Stored data entries:
# # # # # # #

section \<open>Central binomial coefficients\<close>

lemma prod_minus_half_mult:
  "(\<Prod>i=0..<k. (-1/2::real) - of_nat i) * (4 ^ k * fact k) = (-1) ^ k * fact (2 * k)"
proof (induction k)
  case (Suc k)
  let ?P = "\<Prod>i=0..<k. (-1/2::real) - of_nat i"
  have "(\<Prod>i=0..<Suc k. (-1/2::real) - of_nat i) * (4 ^ Suc k * fact (Suc k))
      = (?P * (4 ^ k * fact k)) * (((-1/2) - of_nat k) * 4 * (of_nat k + 1))"
    by (simp add: prod.atLeast0_lessThan_Suc fact_Suc algebra_simps)
  also have "\<dots> = (-1) ^ k * fact (2 * k) * (((-1/2) - of_nat k) * 4 * (of_nat k + 1))"
    by (simp only: Suc)
  also have "\<dots> = (-1) ^ Suc k * fact (2 * Suc k)"
  proof -
    have "2 * Suc k = Suc (Suc (2 * k))"
      by simp
    then have "fact (2 * Suc k) = (of_nat (Suc (Suc (2 * k))) * of_nat (Suc (2 * k)) * fact (2 * k) :: real)"
      by (simp only: fact_Suc mult.assoc)
    moreover have "((-1/2::real) - of_nat k) * 4 * (of_nat k + 1) = - (of_nat (Suc (Suc (2 * k))) * of_nat (Suc (2 * k)))"
      by (simp add: algebra_simps)
    ultimately show ?thesis
      by simp
  qed
  finally show ?case .
qed simp

lemma gchoose_minus_half: "((-1/2::real) gchoose k) = (-1) ^ k * real ((2 * k) choose k) / 4 ^ k"
proof -
  have "fact k * fact k * ((2 * k) choose k) = (fact (2 * k) :: nat)"
    using binomial_fact_lemma[of k "2 * k"] by simp
  then have "fact (2 * k) = fact k * fact k * real ((2 * k) choose k)"
    by (metis of_nat_fact of_nat_mult)
  moreover have "((-1/2::real) gchoose k) * fact k * (4 ^ k * fact k) = (-1) ^ k * fact (2 * k)"
    using prod_minus_half_mult[of k] by (simp add: gbinomial_mult_fact')
  ultimately have "fact k * fact k * (4 ^ k * ((-1/2::real) gchoose k))
      = fact k * fact k * ((-1) ^ k * real ((2 * k) choose k))"
    by (simp add: ac_simps)
  then show ?thesis
    by (simp add: field_simps)
qed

# # # # # # #

● WHAT THE TASK REQUIRES: Copy, from the lines above, each one that holds "have".

● RESULT OF THE EXERCISE:
  have "(\<Prod>i=0..<Suc k. (-1/2::real) - of_nat i) * (4 ^ Suc k * fact (Suc k))
  also have "\<dots> = (-1) ^ k * fact (2 * k) * (((-1/2) - of_nat k) * 4 * (of_nat k + 1))"
  also have "\<dots> = (-1) ^ Suc k * fact (2 * Suc k)"
    have "2 * Suc k = Suc (Suc (2 * k))"
    then have "fact (2 * Suc k) = (of_nat (Suc (Suc (2 * k))) * of_nat (Suc (2 * k)) * fact (2 * k) :: real)"
    moreover have "((-1/2::real) - of_nat k) * 4 * (of_nat k + 1) = - (of_nat (Suc (Suc (2 * k))) * of_nat (Suc (2 * k)))"
  have "fact k * fact k * ((2 * k) choose k) = (fact (2 * k) :: nat)"
  then have "fact (2 * k) = fact k * fact k * real ((2 * k) choose k)"
  moreover have "((-1/2::real) gchoose k) * fact k * (4 ^ k * fact k) = (-1) ^ k * fact (2 * k)"
  ultimately have "fact k * fact k * (4 ^ k * ((-1/2::real) gchoose k))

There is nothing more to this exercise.